▶ Work request: Your task is to restate the data word for word.

---- Input data

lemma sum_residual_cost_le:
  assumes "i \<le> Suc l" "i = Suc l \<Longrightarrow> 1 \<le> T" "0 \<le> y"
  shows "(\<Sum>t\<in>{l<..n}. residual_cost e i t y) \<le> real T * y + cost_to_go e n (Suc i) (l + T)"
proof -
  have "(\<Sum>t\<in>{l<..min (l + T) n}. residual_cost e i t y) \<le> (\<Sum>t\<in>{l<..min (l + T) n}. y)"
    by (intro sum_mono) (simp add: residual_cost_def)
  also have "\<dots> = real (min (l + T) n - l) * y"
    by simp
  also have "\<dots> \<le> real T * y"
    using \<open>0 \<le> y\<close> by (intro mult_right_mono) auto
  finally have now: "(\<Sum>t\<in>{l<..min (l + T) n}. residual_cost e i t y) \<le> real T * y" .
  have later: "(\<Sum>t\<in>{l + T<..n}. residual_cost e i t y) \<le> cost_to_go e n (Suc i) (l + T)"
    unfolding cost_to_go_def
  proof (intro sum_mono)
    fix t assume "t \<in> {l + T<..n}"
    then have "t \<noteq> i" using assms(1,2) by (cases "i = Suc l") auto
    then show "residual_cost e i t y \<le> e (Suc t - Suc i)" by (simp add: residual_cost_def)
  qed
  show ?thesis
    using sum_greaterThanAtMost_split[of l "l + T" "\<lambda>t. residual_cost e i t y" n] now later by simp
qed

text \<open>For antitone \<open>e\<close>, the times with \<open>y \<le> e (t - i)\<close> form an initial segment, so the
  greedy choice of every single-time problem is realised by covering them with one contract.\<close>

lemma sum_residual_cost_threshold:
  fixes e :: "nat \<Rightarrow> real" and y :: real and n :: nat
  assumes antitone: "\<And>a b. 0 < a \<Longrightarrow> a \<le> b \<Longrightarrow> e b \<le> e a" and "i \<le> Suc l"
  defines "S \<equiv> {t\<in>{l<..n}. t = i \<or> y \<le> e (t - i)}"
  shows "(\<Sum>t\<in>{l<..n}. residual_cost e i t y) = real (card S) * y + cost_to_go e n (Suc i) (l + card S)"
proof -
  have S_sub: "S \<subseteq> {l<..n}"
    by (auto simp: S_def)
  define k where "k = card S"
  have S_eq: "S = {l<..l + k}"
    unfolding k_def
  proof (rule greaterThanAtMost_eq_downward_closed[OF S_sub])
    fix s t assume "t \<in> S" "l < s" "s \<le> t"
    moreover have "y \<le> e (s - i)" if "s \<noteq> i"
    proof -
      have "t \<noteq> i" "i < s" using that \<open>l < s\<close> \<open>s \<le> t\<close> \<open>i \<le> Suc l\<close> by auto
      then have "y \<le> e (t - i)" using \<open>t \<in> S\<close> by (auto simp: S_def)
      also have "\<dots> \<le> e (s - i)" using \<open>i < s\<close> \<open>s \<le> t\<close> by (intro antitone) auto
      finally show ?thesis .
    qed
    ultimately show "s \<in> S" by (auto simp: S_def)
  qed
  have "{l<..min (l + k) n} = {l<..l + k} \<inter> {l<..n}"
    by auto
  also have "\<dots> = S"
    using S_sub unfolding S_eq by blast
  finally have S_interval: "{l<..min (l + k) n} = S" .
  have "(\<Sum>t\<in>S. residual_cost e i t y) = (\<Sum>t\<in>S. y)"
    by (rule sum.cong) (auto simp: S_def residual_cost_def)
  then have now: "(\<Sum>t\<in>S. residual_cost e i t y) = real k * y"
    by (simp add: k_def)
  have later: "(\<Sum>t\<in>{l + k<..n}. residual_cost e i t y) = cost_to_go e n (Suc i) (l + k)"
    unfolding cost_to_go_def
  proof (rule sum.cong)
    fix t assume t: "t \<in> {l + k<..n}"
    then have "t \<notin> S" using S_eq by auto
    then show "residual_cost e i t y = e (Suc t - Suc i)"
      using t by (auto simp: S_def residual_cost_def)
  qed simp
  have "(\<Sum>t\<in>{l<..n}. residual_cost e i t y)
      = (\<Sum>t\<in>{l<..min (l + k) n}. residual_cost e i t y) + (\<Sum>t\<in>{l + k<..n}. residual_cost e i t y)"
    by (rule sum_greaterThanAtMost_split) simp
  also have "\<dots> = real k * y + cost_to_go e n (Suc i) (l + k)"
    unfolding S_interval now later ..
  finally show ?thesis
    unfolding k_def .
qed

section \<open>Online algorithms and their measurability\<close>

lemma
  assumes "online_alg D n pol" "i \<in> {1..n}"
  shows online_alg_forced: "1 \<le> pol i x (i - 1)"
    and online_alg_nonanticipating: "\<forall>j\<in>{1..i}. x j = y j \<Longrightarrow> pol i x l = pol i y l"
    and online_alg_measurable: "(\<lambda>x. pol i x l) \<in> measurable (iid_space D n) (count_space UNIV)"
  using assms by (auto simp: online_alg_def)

--------

▶ Answer section:
lemma sum_residual_cost_le:
  assumes "i \<le> Suc l" "i = Suc l \<Longrightarrow> 1 \<le> T" "0 \<le> y"
  shows "(\<Sum>t\<in>{l<..n}. residual_cost e i t y) \<le> real T * y + cost_to_go e n (Suc i) (l + T)"
proof -
  have "(\<Sum>t\<in>{l<..min (l + T) n}. residual_cost e i t y) \<le> (\<Sum>t\<in>{l<..min (l + T) n}. y)"
    by (intro sum_mono) (simp add: residual_cost_def)
  also have "\<dots> = real (min (l + T) n - l) * y"
    by simp
  also have "\<dots> \<le> real T * y"
    using \<open>0 \<le> y\<close> by (intro mult_right_mono) auto
  finally have now: "(\<Sum>t\<in>{l<..min (l + T) n}. residual_cost e i t y) \<le> real T * y" .
  have later: "(\<Sum>t\<in>{l + T<..n}. residual_cost e i t y) \<le> cost_to_go e n (Suc i) (l + T)"
    unfolding cost_to_go_def
  proof (intro sum_mono)
    fix t assume "t \<in> {l + T<..n}"
    then have "t \<noteq> i" using assms(1,2) by (cases "i = Suc l") auto
    then show "residual_cost e i t y \<le> e (Suc t - Suc i)" by (simp add: residual_cost_def)
  qed
  show ?thesis
    using sum_greaterThanAtMost_split[of l "l + T" "\<lambda>t. residual_cost e i t y" n] now later by simp
qed

text \<open>For antitone \<open>e\<close>, the times with \<open>y \<le> e (t - i)\<close> form an initial segment, so the
  greedy choice of every single-time problem is realised by covering them with one contract.\<close>

lemma sum_residual_cost_threshold:
  fixes e :: "nat \<Rightarrow> real" and y :: real and n :: nat
  assumes antitone: "\<And>a b. 0 < a \<Longrightarrow> a \<le> b \<Longrightarrow> e b \<le> e a" and "i \<le> Suc l"
  defines "S \<equiv> {t\<in>{l<..n}. t = i \<or> y \<le> e (t - i)}"
  shows "(\<Sum>t\<in>{l<..n}. residual_cost e i t y) = real (card S) * y + cost_to_go e n (Suc i) (l + card S)"
proof -
  have S_sub: "S \<subseteq> {l<..n}"
    by (auto simp: S_def)
  define k where "k = card S"
  have S_eq: "S = {l<..l + k}"
    unfolding k_def
  proof (rule greaterThanAtMost_eq_downward_closed[OF S_sub])
    fix s t assume "t \<in> S" "l < s" "s \<le> t"
    moreover have "y \<le> e (s - i)" if "s \<noteq> i"
    proof -
      have "t \<noteq> i" "i < s" using that \<open>l < s\<close> \<open>s \<le> t\<close> \<open>i \<le> Suc l\<close> by auto
      then have "y \<le> e (t - i)" using \<open>t \<in> S\<close> by (auto simp: S_def)
      also have "\<dots> \<le> e (s - i)" using \<open>i < s\<close> \<open>s \<le> t\<close> by (intro antitone) auto
      finally show ?thesis .
    qed
    ultimately show "s \<in> S" by (auto simp: S_def)
  qed
  have "{l<..min (l + k) n} = {l<..l + k} \<inter> {l<..n}"
    by auto
  also have "\<dots> = S"
    using S_sub unfolding S_eq by blast
  finally have S_interval: "{l<..min (l + k) n} = S" .
  have "(\<Sum>t\<in>S. residual_cost e i t y) = (\<Sum>t\<in>S. y)"
    by (rule sum.cong) (auto simp: S_def residual_cost_def)
  then have now: "(\<Sum>t\<in>S. residual_cost e i t y) = real k * y"
    by (simp add: k_def)
  have later: "(\<Sum>t\<in>{l + k<..n}. residual_cost e i t y) = cost_to_go e n (Suc i) (l + k)"
    unfolding cost_to_go_def
  proof (rule sum.cong)
    fix t assume t: "t \<in> {l + k<..n}"
    then have "t \<notin> S" using S_eq by auto
    then show "residual_cost e i t y = e (Suc t - Suc i)"
      using t by (auto simp: S_def residual_cost_def)
  qed simp
  have "(\<Sum>t\<in>{l<..n}. residual_cost e i t y)
      = (\<Sum>t\<in>{l<..min (l + k) n}. residual_cost e i t y) + (\<Sum>t\<in>{l + k<..n}. residual_cost e i t y)"
    by (rule sum_greaterThanAtMost_split) simp
  also have "\<dots> = real k * y + cost_to_go e n (Suc i) (l + k)"
    unfolding S_interval now later ..
  finally show ?thesis
    unfolding k_def .
qed

section \<open>Online algorithms and their measurability\<close>

lemma
  assumes "online_alg D n pol" "i \<in> {1..n}"
  shows online_alg_forced: "1 \<le> pol i x (i - 1)"
    and online_alg_nonanticipating: "\<forall>j\<in>{1..i}. x j = y j \<Longrightarrow> pol i x l = pol i y l"
    and online_alg_measurable: "(\<lambda>x. pol i x l) \<in> measurable (iid_space D n) (count_space UNIV)"
  using assms by (auto simp: online_alg_def)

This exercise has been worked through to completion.